We waited a few seconds for my next contraction to start. I told them I was having one and I started pushing.
I was surprised when I immediately felt Ember’s head coming out! It wasn’t severe pain, the epidural had kicked in enough to take off the edge, but I could feel everything! It was amazing.
Her head was out so fast and I started to push again for her shoulders and my doctor told me to look down and when I did there she was! I started crying immediately and looked to Allan who was crying, too! It all happened so fast!
She was born at 3:36pm. 3 hours after getting the first dose of pitocin.
Ember wasn’t crying but was perfectly healthy. They laid her on my chest and I just stared and stared at her sweet face. I thought she was pretty immediately. With Brooklyn and Payson they looked squishy and funny to me at first. I didn’t get to see Sierra at all until ten minutes after she was born because she swallowed amniotic fluid when she came out.

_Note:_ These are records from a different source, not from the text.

lemma low_first_right_if_max_k_ascending:
  assumes w: "w = xs @ j # ys" and max: "max_k_ascending w k s (length xs)"
  shows "low_first ys"
proof (rule ccontr)
  let ?i = "length xs"
  have w_i: "w ! ?i = j"
    using w by simp
  have "k_ascending w k s ?i"
    using max by (simp add: max_k_ascending_def)
  then have s: "s < ?i" and low_s: "w ! s + k \<le> j"
    and bounds: "\<And>r. s \<le> r \<Longrightarrow> r \<le> ?i \<Longrightarrow> w ! s \<le> w ! r \<and> w ! r \<le> j"
    and no_down: "\<And>a b. s \<le> a \<Longrightarrow> a < b \<Longrightarrow> b \<le> ?i \<Longrightarrow> w ! a < w ! b + k"
    using w_i by (auto simp: k_ascending_iff)
  assume "\<not> low_first ys"
  then obtain us y vs where ys: "ys = us @ y # vs" "\<forall>x\<in>set us. mid x" "j < y"
    using split_high_if_not_low_first by blast
  \<comment> \<open>The section from \<open>s\<close> then extends up to the high entry \<open>y\<close>, contradicting maximality.\<close>
  define t where "t = Suc (?i + length us)"
  have w_t: "w ! t = y"
    using w ys by (simp add: t_def nth_append)
  have s_t: "s < t"
    using s by (simp add: t_def)
  have segment: "w ! s \<le> w ! r \<and> w ! r \<le> j \<and> (?i \<le> r \<longrightarrow> j < w ! r + k)"
    if r: "s \<le> r" "r < t" for r
  proof (cases "?i < r")
    case True
    then obtain q where q: "r = Suc (?i + q)"
      using less_imp_Suc_add by blast
    with r have "q < length us"
      by (simp add: t_def)
    have "w ! r = us ! q"
      using \<open>q < length us\<close> by (simp only: q w ys nth_append_Cons_Suc) (simp add: nth_append)
    then have "mid (w ! r)"
      using ys(2) \<open>q < length us\<close> nth_mem by metis
    then show ?thesis
      using True low_s by (auto simp: mid_def)
  next
    case False
    then show ?thesis
      using bounds[of r] r w_i k_pos by (cases "r = ?i") auto
  qed
  have "k_ascending w k s t"
    unfolding k_ascending_iff
  proof (intro conjI allI impI)
    show "s < t"
      by (fact s_t)
    show "t < length w"
      using w ys by (simp add: t_def)
    show "w ! s + k \<le> w ! t"
      using low_s ys(3) w_t by simp
  next
    fix r assume "s \<le> r" "r \<le> t"
    then show "w ! s \<le> w ! r"
      using segment[of r] segment[of s] s_t ys(3) by (cases "r = t") (auto simp: w_t)
  next
    fix r assume "s \<le> r" "r \<le> t"
    then show "w ! r \<le> w ! t"
      using segment[of r] ys(3) by (cases "r = t") (auto simp: w_t)
  next
    fix a b assume ab: "s \<le> a" "a < b" "b \<le> t"
    show "w ! a < w ! b + k"
    proof (cases "b < ?i")
      case True
      then show ?thesis
        using no_down ab by simp
    next
      case False
      then have "j < w ! b + k"
        using segment[of b] ab ys(3) by (cases "b = t") (auto simp: w_t)
      then show ?thesis
        using segment[of a] ab by linarith
    qed
  qed
  moreover have "?i \<le> t" "(s, t) \<noteq> (s, ?i)"
    by (simp_all add: t_def)
  ultimately show False
    using max unfolding max_k_ascending_def by blast
qed

lemma k_ascending_from_nearest_low:
  assumes w: "w = xs @ j # ys" and left: "low_first (rev xs)" and "\<exists>x\<in>set xs. x + k \<le> j"
  shows "\<exists>s. k_ascending w k s (length xs)"
proof -
  let ?i = "length xs"
  obtain us x vs where "rev xs = us @ x # vs" "\<forall>y\<in>set us. mid y" "x + k \<le> j"
    using split_low_if_low_first[OF left] assms(3) by auto
  then obtain pre ms where xs: "xs = pre @ x # ms" and ms: "\<forall>y\<in>set ms. mid y"
    by (intro that[of "rev vs" "rev us"]) (simp_all add: rev_swap)
  let ?s = "length pre"
  have w_s: "w ! ?s = x" and w_i: "w ! ?i = j"
    using w xs by (simp_all add: nth_append)
  have segment: "w ! r \<le> j \<and> j < w ! r + k" if r: "?s < r" "r \<le> ?i" for r
  proof (cases "r = ?i")
    case True
    then show ?thesis
      using w_i k_pos by simp
  next
    case False
    obtain q where q: "r = Suc (?s + q)"
      using less_imp_Suc_add[OF r(1)] by blast
    have "q < length ms"
      using r(2) False q xs by simp
    have "w ! r = ms ! q"
      using \<open>q < length ms\<close> by (simp only: q w xs append_assoc append_Cons nth_append_Cons_Suc)
        (simp add: nth_append)
    then have "mid (w ! r)"
      using ms \<open>q < length ms\<close> nth_mem by metis
    then show ?thesis
      unfolding mid_def by linarith
  qed
  have "k_ascending w k ?s ?i"
    unfolding k_ascending_iff
  proof (intro conjI allI impI)
    show "?s < ?i" "?i < length w"
      using w xs by simp_all
    show "w ! ?s + k \<le> w ! ?i"
      using w_s w_i \<open>x + k \<le> j\<close> by simp
  next
    fix r assume "?s \<le> r" "r \<le> ?i"
    then show "w ! ?s \<le> w ! r" "w ! r \<le> w ! ?i"
      using segment[of r] w_s w_i \<open>x + k \<le> j\<close> by (cases "r = ?s"; force)+
  next
    fix a b assume "?s \<le> a" "a < b" "b \<le> ?i"
    then show "w ! a < w ! b + k"
      using segment[of a] segment[of b] w_s \<open>x + k \<le> j\<close> by (cases "a = ?s") auto
  qed
  then show ?thesis
    by blast
qed

lemma max_k_ascending_if_low_first_right:
  assumes w: "w = xs @ j # ys" and "j \<notin> set ys" and right: "low_first ys"
    and "k_ascending w k s (length xs)"
  shows "\<exists>s. max_k_ascending w k s (length xs)"
proof -
  let ?i = "length xs"
  have w_i: "w ! ?i = j"
    using w by simp
  obtain s0 where s0: "k_ascending w k s0 ?i" and least: "\<And>s. s < s0 \<Longrightarrow> \<not> k_ascending w k s ?i"
    using exists_least_iff[of "\<lambda>s. k_ascending w k s ?i"] assms(4) by blast
  \<comment> \<open>A longer section would end on a high entry right of \<open>j\<close>; the low entry preceding it is a \<open>k\<close>-down.\<close>
  have "max_k_ascending w k s0 ?i"
    unfolding max_k_ascending_def
  proof (intro conjI s0 notI)
    assume "\<exists>a b. a \<le> s0 \<and> ?i \<le> b \<and> (a, b) \<noteq> (s0, ?i) \<and> k_ascending w k a b"
    then obtain a b where ab: "a \<le> s0" "?i \<le> b" "(a, b) \<noteq> (s0, ?i)" "k_ascending w k a b"
      by blast
    show False
    proof (cases "b = ?i")
      case True
      then have "a < s0"
        using ab(1,3) by auto
      then show False
        using least ab(4) True by blast
    next
      case False
      then obtain q where b: "b = Suc (?i + q)"
        using ab(2) less_imp_Suc_add by (metis le_neq_implies_less)
      have "a < ?i"
        using ab(1) s0 by (simp add: k_ascending_iff)
      have bounds_ab: "b < length w" "\<And>r. a \<le> r \<Longrightarrow> r \<le> b \<Longrightarrow> w ! r \<le> w ! b"
        and no_down_ab: "\<And>a' b'. a \<le> a' \<Longrightarrow> a' < b' \<Longrightarrow> b' \<le> b \<Longrightarrow> w ! a' < w ! b' + k"
        using ab(4) by (auto simp: k_ascending_iff)
      have "q < length ys"
        using bounds_ab(1) w b by simp
      have "w ! b = ys ! q"
        using w b by (simp add: nth_append_Cons_Suc)
      then have "j \<le> ys ! q"
        using bounds_ab(2)[of ?i] \<open>a < ?i\<close> ab(2) w_i by simp
      moreover have "ys ! q \<noteq> j"
        using \<open>q < length ys\<close> \<open>j \<notin> set ys\<close> nth_mem by metis
      ultimately have "j < ys ! q"
        by simp
      moreover have "ys = take q ys @ ys ! q # drop (Suc q) ys"
        using \<open>q < length ys\<close> by (simp add: id_take_nth_drop)
      ultimately obtain y where "y \<in> set (take q ys)" "y + k \<le> j"
        using low_before_high_if_low_first right by metis
      then obtain q' where "q' < q" "ys ! q' + k \<le> j"
        by (auto simp: in_set_conv_nth)
      moreover have "w ! Suc (?i + q') = ys ! q'"
        using w by (simp add: nth_append_Cons_Suc)
      moreover have "w ! ?i < w ! Suc (?i + q') + k"
        using no_down_ab[of ?i "Suc (?i + q')"] \<open>a < ?i\<close> \<open>q' < q\<close> b by simp
      ultimately show False
        using w_i by simp
    qed
  qed
  then show ?thesis
    by blast
qed

lemma ex_max_k_ascending_iff:
  assumes w: "w = xs @ j # ys" and "j \<notin> set ys"
  shows "(\<exists>s. max_k_ascending w k s (length xs)) \<longleftrightarrow>
    low_first (rev xs) \<and> low_first ys \<and> (\<exists>x\<in>set xs. x + k \<le> j)"
proof
  assume "\<exists>s. max_k_ascending w k s (length xs)"
  then obtain s where "max_k_ascending w k s (length xs)"
    by blast
  then show "low_first (rev xs) \<and> low_first ys \<and> (\<exists>x\<in>set xs. x + k \<le> j)"
    using low_first_left_if_k_ascending[OF w] low_first_right_if_max_k_ascending[OF w]
    unfolding max_k_ascending_def by blast
next
  assume "low_first (rev xs) \<and> low_first ys \<and> (\<exists>x\<in>set xs. x + k \<le> j)"
  then show "\<exists>s. max_k_ascending w k s (length xs)"
    using k_ascending_from_nearest_low[OF w] max_k_ascending_if_low_first_right[OF w assms(2)] by blast
qed

lemma k_peak_pos_iff:
  assumes "distinct w" and w: "w = xs @ j # ys"
  shows "k_peak_pos w k (length xs) \<longleftrightarrow> low_flanked w \<and> (\<exists>x\<in>set w. x + k \<le> j)"
proof -
  have j: "j \<notin> set xs" "j \<notin> set ys"
    using assms by auto
  have rev_w: "rev w = rev ys @ j # rev xs"
    using w by simp
  have "(\<exists>t. max_k_descending w k (length xs) t) \<longleftrightarrow> (\<exists>s. max_k_ascending (rev w) k s (length (rev ys)))"
    using ex_max_k_descending_iff_rev[of "length xs" w k] w by simp
  also have "\<dots> \<longleftrightarrow> low_first (rev xs) \<and> low_first ys \<and> (\<exists>x\<in>set ys. x + k \<le> j)"
    using ex_max_k_ascending_iff[OF rev_w] j(1) by auto
  finally have desc: "(\<exists>t. max_k_descending w k (length xs) t) \<longleftrightarrow>
      low_first (rev xs) \<and> low_first ys \<and> (\<exists>x\<in>set ys. x + k \<le> j)" .
  have "low_flanked w \<longleftrightarrow> low_first (rev xs) \<and> low_first ys"
    using low_flanked_split j w by simp
  then show ?thesis
    using ex_max_k_ascending_iff[OF w j(2)] desc w k_pos unfolding k_peak_pos_def by auto
qed

lemma is_k_peak_value_iff:
  assumes "distinct w" "j \<in> set w"
  shows "is_k_peak_value w k j \<longleftrightarrow> low_flanked w \<and> (\<exists>x\<in>set w. x + k \<le> j)"
proof -
  obtain xs ys where w: "w = xs @ j # ys"
    using split_list assms(2) by metis
  have unique: "i = length xs" if "i < length w" "w ! i = j" for i
    using that assms(1) w nth_eq_iff_index_eq[of w i "length xs"] by simp
  have "length xs < length w" "w ! length xs = j"
    using w by simp_all
  then have "is_k_peak_value w k j \<longleftrightarrow> k_peak_pos w k (length xs)"
    using unique unfolding is_k_peak_value_def by blast
  then show ?thesis
    using k_peak_pos_iff[OF assms(1) w] by simp
qed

I was so surprised and happy when the nurses didn’t make any move to take her away for measuring. They let her lay on me for a long time and I just felt her little body on my chest and stared at that face. She didn’t cry at all. She didn’t even whimper! She kept blinking and trying to open her eyes so I wiped them off with the blanket. She was so alert!
I was barely aware of the placenta coming out and the stitch my doctor gave me. I was so into staring at my sweet baby girl.
Allan was over by me all teary and watching, too. He took a couple pictures also.
Finally the nurses took Ember to do all the things they do over at the warmer.
Allan asked me if I wanted him to stay with me or go watch her. I told him go watch her, of course! I wanted him to get to see her more! I was fine. lol
She weighed 7 lbs 11 oz and was 20 1/4 inches. Just for kicks the night before I was induced Allan, me and his mom guessed her weight and length. I had guessed 7 lbs. 12 oz and 20 1/4 inches!
It was so so fun the next half hour or so. The nurses were all so happy and funny and it felt like a big celebration. But a simple one, a close knit one 🙂
Allan was talking to Ember while they weighed and measured her. After that they let him hold her and I was so in love watching the two of them.
When I held Ember the next time I nursed her. She latched on right away and I felt amazed that this little thing, just in my belly, was now nuzzled into my chest drinking away.
So much more happened during our hospital stay. We had the best hospital experience out of four births. We usually hate the hospital and can’t wait to leave but this time we were so impressed with the way everything was done and how wonderful everyone was that we were sad to go.
Not really sad to go because we could’ve stayed another day if we wanted, but sad that such a special, special time was over.
I don’t think that I’ll ever forget what a perfect experience Ember’s birth was!
We didn’t take a ton of pictures. Allan took most of these! I was surprised and touched that he took all the ones he did. He even took pictures of me nursing Ember the day after she was born (not posting those!) that are so special to me 🙂
They had just started the pitocin a half hour before. No pain yet!
The contractions had just picked up.
Self timer picture.
Things were getting painful. I think this was just before I called the nurse in to check me.
Aaaand.. there she is!
Not crying or whimpering at all! Such a calm baby.
Me, Ember and my awesome doctor!
The nurses asked if they could take a picture of the three of us. Of course!
The first night in our recovery room.
Getting ready to go home Tuesday afternoon.
Allan took this from the car 🙂
We stopped at Barro’s pizza to pick up dinner and I took a couple pictures of Ember’s first car ride.
It was his idea to grab pizza. Oh boy did I like that idea!